• [What is needed]
Check each line of the material below, and copy it if it holds the string "open".

• [The input]
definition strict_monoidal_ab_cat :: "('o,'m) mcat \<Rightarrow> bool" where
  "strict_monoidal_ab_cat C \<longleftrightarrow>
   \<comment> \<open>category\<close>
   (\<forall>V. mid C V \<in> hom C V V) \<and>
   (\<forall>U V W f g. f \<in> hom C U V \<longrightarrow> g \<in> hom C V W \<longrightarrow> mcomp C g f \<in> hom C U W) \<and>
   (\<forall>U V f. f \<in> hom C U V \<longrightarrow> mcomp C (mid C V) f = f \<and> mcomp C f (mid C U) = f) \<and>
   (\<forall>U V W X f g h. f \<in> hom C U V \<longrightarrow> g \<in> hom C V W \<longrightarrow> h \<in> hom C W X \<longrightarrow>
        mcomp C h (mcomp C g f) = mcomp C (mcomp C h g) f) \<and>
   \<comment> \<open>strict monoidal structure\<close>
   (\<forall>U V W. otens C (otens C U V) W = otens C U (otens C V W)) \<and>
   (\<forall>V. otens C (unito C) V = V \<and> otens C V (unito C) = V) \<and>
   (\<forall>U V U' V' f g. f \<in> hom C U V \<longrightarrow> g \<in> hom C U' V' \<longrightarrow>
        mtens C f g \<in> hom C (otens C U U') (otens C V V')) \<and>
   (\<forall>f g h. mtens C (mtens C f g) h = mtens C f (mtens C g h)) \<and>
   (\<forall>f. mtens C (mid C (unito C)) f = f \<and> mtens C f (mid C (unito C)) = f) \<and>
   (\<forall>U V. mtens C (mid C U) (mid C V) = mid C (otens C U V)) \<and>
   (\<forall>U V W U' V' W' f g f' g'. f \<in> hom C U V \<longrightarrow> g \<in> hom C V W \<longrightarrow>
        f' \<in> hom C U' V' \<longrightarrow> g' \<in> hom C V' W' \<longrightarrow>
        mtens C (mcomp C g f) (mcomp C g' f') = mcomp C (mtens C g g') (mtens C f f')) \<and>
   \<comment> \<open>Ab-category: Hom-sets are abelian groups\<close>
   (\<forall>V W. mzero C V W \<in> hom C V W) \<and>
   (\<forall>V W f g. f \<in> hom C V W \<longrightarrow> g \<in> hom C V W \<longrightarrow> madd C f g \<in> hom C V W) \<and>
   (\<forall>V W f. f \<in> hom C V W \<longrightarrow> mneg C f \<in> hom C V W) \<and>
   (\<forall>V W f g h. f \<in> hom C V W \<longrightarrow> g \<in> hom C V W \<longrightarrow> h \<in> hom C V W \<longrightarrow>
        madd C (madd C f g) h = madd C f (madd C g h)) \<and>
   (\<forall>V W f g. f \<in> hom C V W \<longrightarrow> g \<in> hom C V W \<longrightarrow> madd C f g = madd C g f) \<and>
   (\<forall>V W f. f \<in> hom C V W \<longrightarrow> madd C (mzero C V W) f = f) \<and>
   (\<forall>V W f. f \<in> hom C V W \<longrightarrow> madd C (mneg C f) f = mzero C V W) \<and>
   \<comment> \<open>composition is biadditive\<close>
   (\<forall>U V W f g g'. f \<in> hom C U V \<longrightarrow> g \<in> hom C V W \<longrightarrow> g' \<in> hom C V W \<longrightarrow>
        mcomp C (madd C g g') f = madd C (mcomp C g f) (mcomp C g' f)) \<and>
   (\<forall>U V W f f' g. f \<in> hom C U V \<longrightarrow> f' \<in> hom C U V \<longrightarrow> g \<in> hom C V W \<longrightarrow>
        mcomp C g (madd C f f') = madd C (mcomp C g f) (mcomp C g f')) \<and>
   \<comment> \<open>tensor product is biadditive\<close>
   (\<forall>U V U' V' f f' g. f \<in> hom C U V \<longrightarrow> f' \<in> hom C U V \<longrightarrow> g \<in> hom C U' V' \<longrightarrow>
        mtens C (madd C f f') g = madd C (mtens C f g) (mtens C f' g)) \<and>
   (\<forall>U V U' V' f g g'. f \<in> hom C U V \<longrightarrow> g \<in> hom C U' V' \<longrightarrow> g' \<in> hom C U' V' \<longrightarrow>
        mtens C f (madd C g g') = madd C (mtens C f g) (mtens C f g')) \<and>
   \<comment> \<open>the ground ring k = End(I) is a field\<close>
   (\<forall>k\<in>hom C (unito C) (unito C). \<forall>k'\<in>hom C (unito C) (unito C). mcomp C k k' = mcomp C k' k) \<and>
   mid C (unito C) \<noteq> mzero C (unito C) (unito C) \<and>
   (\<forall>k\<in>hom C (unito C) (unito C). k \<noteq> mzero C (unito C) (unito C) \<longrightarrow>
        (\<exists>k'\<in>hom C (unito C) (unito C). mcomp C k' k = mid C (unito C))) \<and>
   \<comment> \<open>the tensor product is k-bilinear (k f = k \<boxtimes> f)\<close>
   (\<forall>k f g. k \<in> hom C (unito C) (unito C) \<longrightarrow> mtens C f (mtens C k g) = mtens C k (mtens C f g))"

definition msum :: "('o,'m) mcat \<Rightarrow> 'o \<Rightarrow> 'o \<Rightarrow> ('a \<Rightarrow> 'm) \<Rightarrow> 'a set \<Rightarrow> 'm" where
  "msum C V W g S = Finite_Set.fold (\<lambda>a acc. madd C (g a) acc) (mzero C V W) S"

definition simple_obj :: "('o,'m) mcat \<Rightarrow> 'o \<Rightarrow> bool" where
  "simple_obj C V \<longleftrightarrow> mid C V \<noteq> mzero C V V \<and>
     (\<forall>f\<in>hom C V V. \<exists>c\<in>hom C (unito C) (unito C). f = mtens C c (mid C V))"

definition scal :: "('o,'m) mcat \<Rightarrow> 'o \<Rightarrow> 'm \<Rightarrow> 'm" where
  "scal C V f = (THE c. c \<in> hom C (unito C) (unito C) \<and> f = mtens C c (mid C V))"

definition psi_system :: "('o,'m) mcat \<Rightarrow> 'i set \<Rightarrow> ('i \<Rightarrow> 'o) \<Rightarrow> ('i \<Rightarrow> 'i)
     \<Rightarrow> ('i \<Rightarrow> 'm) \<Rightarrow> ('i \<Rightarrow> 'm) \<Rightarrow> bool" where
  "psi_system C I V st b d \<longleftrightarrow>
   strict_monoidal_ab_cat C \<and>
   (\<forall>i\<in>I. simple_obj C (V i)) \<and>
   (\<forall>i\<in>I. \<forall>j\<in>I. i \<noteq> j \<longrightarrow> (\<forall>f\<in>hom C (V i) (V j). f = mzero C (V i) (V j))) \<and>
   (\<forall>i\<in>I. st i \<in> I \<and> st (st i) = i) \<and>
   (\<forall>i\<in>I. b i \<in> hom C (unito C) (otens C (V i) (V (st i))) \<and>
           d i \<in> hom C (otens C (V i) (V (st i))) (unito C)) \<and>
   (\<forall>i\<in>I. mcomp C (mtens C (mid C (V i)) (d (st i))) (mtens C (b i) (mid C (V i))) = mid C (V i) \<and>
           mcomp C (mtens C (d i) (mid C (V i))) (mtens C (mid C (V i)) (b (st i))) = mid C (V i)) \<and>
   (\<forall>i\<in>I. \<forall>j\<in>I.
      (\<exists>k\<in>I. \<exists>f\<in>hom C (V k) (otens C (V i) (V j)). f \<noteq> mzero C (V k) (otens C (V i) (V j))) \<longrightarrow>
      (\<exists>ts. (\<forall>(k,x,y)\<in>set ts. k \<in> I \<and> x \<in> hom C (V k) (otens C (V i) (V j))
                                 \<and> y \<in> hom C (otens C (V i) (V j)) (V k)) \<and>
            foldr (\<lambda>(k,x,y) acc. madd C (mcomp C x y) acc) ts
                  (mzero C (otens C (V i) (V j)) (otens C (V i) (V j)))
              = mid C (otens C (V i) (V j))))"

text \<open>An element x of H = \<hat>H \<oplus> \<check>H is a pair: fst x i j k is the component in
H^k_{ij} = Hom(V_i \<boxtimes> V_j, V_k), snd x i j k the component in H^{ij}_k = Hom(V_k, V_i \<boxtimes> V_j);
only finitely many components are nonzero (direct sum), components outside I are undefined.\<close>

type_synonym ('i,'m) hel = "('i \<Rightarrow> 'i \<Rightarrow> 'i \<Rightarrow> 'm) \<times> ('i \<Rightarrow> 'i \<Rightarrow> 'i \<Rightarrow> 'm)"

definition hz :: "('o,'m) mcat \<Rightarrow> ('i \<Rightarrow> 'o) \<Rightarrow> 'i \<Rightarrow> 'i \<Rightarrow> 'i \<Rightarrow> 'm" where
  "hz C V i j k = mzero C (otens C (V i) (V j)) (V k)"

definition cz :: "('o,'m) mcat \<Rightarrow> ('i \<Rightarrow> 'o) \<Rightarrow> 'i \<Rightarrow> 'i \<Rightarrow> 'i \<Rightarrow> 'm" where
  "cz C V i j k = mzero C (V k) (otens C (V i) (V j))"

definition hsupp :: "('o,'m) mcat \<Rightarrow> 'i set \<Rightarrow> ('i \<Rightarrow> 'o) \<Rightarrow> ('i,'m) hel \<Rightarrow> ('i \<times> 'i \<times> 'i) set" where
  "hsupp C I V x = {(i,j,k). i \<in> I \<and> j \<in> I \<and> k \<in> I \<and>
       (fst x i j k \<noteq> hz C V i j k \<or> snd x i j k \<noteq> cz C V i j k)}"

• [Answer to this exercise]
   \<comment> \<open>category\<close>
   \<comment> \<open>strict monoidal structure\<close>
   \<comment> \<open>Ab-category: Hom-sets are abelian groups\<close>
   \<comment> \<open>composition is biadditive\<close>
   \<comment> \<open>tensor product is biadditive\<close>
   \<comment> \<open>the ground ring k = End(I) is a field\<close>
   \<comment> \<open>the tensor product is k-bilinear (k f = k \<boxtimes> f)\<close>
text \<open>An element x of H = \<hat>H \<oplus> \<check>H is a pair: fst x i j k is the component in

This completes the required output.